text \<open>Compare H with the optimal centres O* on S. Summing the hypothesis over the clusters,
  the inliers of S cost at most B = (1 + \<delta>) |S|/n (Cost(P_opt, O*) + (n - z) \<xi> L^2) with
  respect to O*. As at most z' points of S are outliers, |S| - z' of these inliers witness
  Delta^{-z'}_2(S, O*) \<le> B / (|S| - z'). Padding O* to exactly k centres only lowers distances,
  so the c-approximation H has trimmed average at most c B / (|S| - z'), and S_in consists of
  exactly |S| - z' points.\<close>

lemma exists_submset_of_size:
  "n \<le> size M \<Longrightarrow> \<exists>M'. M' \<subseteq># M \<and> size M' = n"
proof (induction M arbitrary: n)
  case empty
  then show ?case by auto
next
  case (add x M)
  show ?case
  proof (cases "n \<le> size M")
    case True
    then obtain M' where "M' \<subseteq># M" "size M' = n" using add.IH by blast
    moreover have "M \<subseteq># add_mset x M" by simp
    ultimately show ?thesis using subset_mset.order_trans by blast
  next
    case False
    then have "n = size (add_mset x M)" using add.prems by simp
    then show ?thesis by blast
  qed
qed

lemma finite_submsets_of_size: "finite {M'. M' \<subseteq># M \<and> size M' = n}"
proof (rule finite_subset)
  show "{M'. M' \<subseteq># M \<and> size M' = n} \<subseteq> multisets_of_size (set_mset M) n"
    by (auto simp: multisets_of_size_def dest: mset_subset_eqD)
qed auto

lemma sum_mset_nonneg:
  fixes f :: "'a \<Rightarrow> 'b::ordered_comm_monoid_add"
  shows "(\<And>x. x \<in># M \<Longrightarrow> 0 \<le> f x) \<Longrightarrow> 0 \<le> sum_mset (image_mset f M)"
  by (induction M) auto

lemma sum_mset_mono_submset:
  fixes f :: "'a \<Rightarrow> 'b::ordered_comm_monoid_add"
  assumes "M' \<subseteq># M" and "\<And>x. x \<in># M \<Longrightarrow> 0 \<le> f x"
  shows "sum_mset (image_mset f M') \<le> sum_mset (image_mset f M)"
proof -
  have "sum_mset (image_mset f M) = sum_mset (image_mset f M') + sum_mset (image_mset f (M - M'))"
    using assms(1) by (metis image_mset_union subset_mset.add_diff_inverse sum_mset.union)
  moreover have "0 \<le> sum_mset (image_mset f (M - M'))"
    using assms(2) by (intro sum_mset_nonneg) (auto dest: in_diffD)
  ultimately show ?thesis by (metis add_increasing2 order_refl)
qed

lemma sum_mset_sum_swap:
  "sum_mset (image_mset (\<lambda>x. \<Sum>j\<in>J. f x j) M) = (\<Sum>j\<in>J. sum_mset (image_mset (\<lambda>x. f x j) M))"
  by (induction M) (auto simp: sum.distrib)

lemma sum_mset_if_eq_filter:
  "sum_mset (image_mset (\<lambda>x. if P x then f x else 0) M) = sum_mset (image_mset f (filter_mset P M))"
  by (induction M) auto

lemma infinite_UNIV_euclidean: "infinite (UNIV :: 'a::euclidean_space set)"
proof
  assume fin: "finite (UNIV :: 'a set)"
  obtain b :: 'a where "b \<in> Basis" using nonempty_Basis by blast
  then have "inj (\<lambda>r::real. r *\<^sub>R b)" by (auto intro!: injI)
  then have "infinite (range (\<lambda>r::real. r *\<^sub>R b))"
    using finite_imageD infinite_UNIV_char_0 by blast
  then show False using fin by (meson finite_subset top_greatest)
qed

lemma exists_superset_of_card:
  assumes "infinite (UNIV :: 'a set)" and "finite (A :: 'a set)" and "card A \<le> k"
  shows "\<exists>B. A \<subseteq> B \<and> finite B \<and> card B = k"
proof -
  have "infinite (UNIV - A)" using assms(1,2) by auto
  then obtain E where E: "finite E" "card E = k - card A" "E \<subseteq> UNIV - A"
    using infinite_arbitrarily_large by blast
  have "card (A \<union> E) = k" using E assms(2,3) by (subst card_Un_disjoint) auto
  moreover have "A \<subseteq> A \<union> E" "finite (A \<union> E)" using E assms(2) by auto
  ultimately show ?thesis by blast
qed

lemma infdist_eq_dist_nearest:
  assumes "y \<in> Y" and "\<And>y'. y' \<in> Y \<Longrightarrow> dist x y \<le> dist x y'"
  shows "infdist x Y = dist x y"
proof (rule antisym)
  show "infdist x Y \<le> dist x y" using assms(1) by (rule infdist_le)
  have "Y \<noteq> {}" using assms(1) by blast
  then show "dist x y \<le> infdist x Y"
    unfolding infdist_notempty[OF \<open>Y \<noteq> {}\<close>] using assms(2) by (rule cINF_greatest)
qed

lemma kcost_mono_submset: "X' \<subseteq># X \<Longrightarrow> kcost X' Y \<le> kcost X Y"
  unfolding kcost_def by (rule sum_mset_mono_submset) auto

lemma kcost_antimono_centers:
  assumes "Y \<subseteq> Y'" and "Y \<noteq> {}"
  shows "kcost X Y' \<le> kcost X Y"
  unfolding kcost_def using assms by (intro sum_mset_mono power_mono infdist_mono infdist_nonneg)

lemma kcost_partition:
  assumes "finite I" and "disjoint_family_on C I" and "set_mset M \<subseteq> (\<Union>j\<in>I. C j)"
    and nearest: "\<And>j x. j \<in> I \<Longrightarrow> x \<in> C j \<Longrightarrow> infdist x Y = dist x (c j)"
  shows "kcost M Y
    = (\<Sum>j\<in>I. sum_mset (image_mset (\<lambda>x. (norm (x - c j))\<^sup>2) (filter_mset (\<lambda>x. x \<in> C j) M)))"
proof -
  have pointwise: "(infdist x Y)\<^sup>2 = (\<Sum>j\<in>I. if x \<in> C j then (norm (x - c j))\<^sup>2 else 0)"
    if x: "x \<in># M" for x
  proof -
    obtain i where i: "i \<in> I" "x \<in> C i" using x assms(3) by blast
    have "x \<in> C j \<longleftrightarrow> j = i" if "j \<in> I" for j
      using i that assms(2) by (auto simp: disjoint_family_on_def)
    then have "(\<Sum>j\<in>I. if x \<in> C j then (norm (x - c j))\<^sup>2 else 0)
        = (\<Sum>j\<in>I. if j = i then (norm (x - c j))\<^sup>2 else 0)"
      by (intro sum.cong) auto
    also have "\<dots> = (norm (x - c i))\<^sup>2"
      using i(1) \<open>finite I\<close> by (simp add: sum.delta')
    finally show ?thesis using nearest[OF i] by (simp add: dist_norm)
  qed
  have "kcost M Y
      = sum_mset (image_mset (\<lambda>x. \<Sum>j\<in>I. if x \<in> C j then (norm (x - c j))\<^sup>2 else 0) M)"
    unfolding kcost_def using pointwise by (intro arg_cong[where f = sum_mset] image_mset_cong)
  then show ?thesis by (simp add: sum_mset_sum_swap sum_mset_if_eq_filter)
qed

lemma trimmed_avg_le:
  assumes "Q' \<subseteq># Q" and "size Q' = size Q - w"
  shows "trimmed_avg Q w Y \<le> kcost Q' Y / real (size Q')"
  unfolding trimmed_avg_def using assms by (intro Min_le finite_imageI finite_submsets_of_size) auto

lemma trimmed_avg_attained:
  obtains Q' where "Q' \<subseteq># Q" "size Q' = size Q - w"
    "trimmed_avg Q w Y = kcost Q' Y / real (size Q')"
proof -
  have "{Q'. Q' \<subseteq># Q \<and> size Q' = size Q - w} \<noteq> {}"
    using exists_submset_of_size[of "size Q - w" Q] by auto
  then have "trimmed_avg Q w Y
      \<in> (\<lambda>Q'. kcost Q' Y / real (size Q')) ` {Q'. Q' \<subseteq># Q \<and> size Q' = size Q - w}"
    unfolding trimmed_avg_def by (intro Min_in finite_imageI finite_submsets_of_size) auto
  then show ?thesis using that by auto
qed

lemma trimmed_avg_nonneg: "0 \<le> trimmed_avg Q w Y"
  by (rule trimmed_avg_attained[of Q w Y]) (auto simp: kcost_def intro!: divide_nonneg_nonneg sum_mset_nonneg)

lemma trimmed_avg_antimono_centers:
  assumes "Y \<subseteq> Y'" and "Y \<noteq> {}"
  shows "trimmed_avg Q w Y' \<le> trimmed_avg Q w Y"
proof -
  obtain Q' where Q': "Q' \<subseteq># Q" "size Q' = size Q - w"
    and attained: "trimmed_avg Q w Y = kcost Q' Y / real (size Q')"
    by (rule trimmed_avg_attained)
  have "trimmed_avg Q w Y' \<le> kcost Q' Y' / real (size Q')" using Q' by (rule trimmed_avg_le)
  also have "\<dots> \<le> kcost Q' Y / real (size Q')"
    using assms by (intro divide_right_mono kcost_antimono_centers) auto
  finally show ?thesis using attained by simp
qed

lemma Inf_trimmed_avg_le:
  fixes Y :: "'a::euclidean_space set"
  assumes "finite Y" and "Y \<noteq> {}" and "card Y \<le> k"
  shows "Inf {trimmed_avg Q w H' | H'. finite H' \<and> card H' = k} \<le> trimmed_avg Q w Y"
proof -
  obtain Y' where Y': "Y \<subseteq> Y'" "finite Y'" "card Y' = k"
    using exists_superset_of_card[OF infinite_UNIV_euclidean assms(1,3)] by blast
  have "Inf {trimmed_avg Q w H' | H'. finite H' \<and> card H' = k} \<le> trimmed_avg Q w Y'"
    using Y' trimmed_avg_nonneg by (intro cInf_lower bdd_belowI[of _ 0]) auto
  also have "\<dots> \<le> trimmed_avg Q w Y" using Y'(1) assms(2) by (rule trimmed_avg_antimono_centers)
  finally show ?thesis .
qed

____

Check each line of the preceding material for the word "that", then state how many lines contain it, with no other text.

2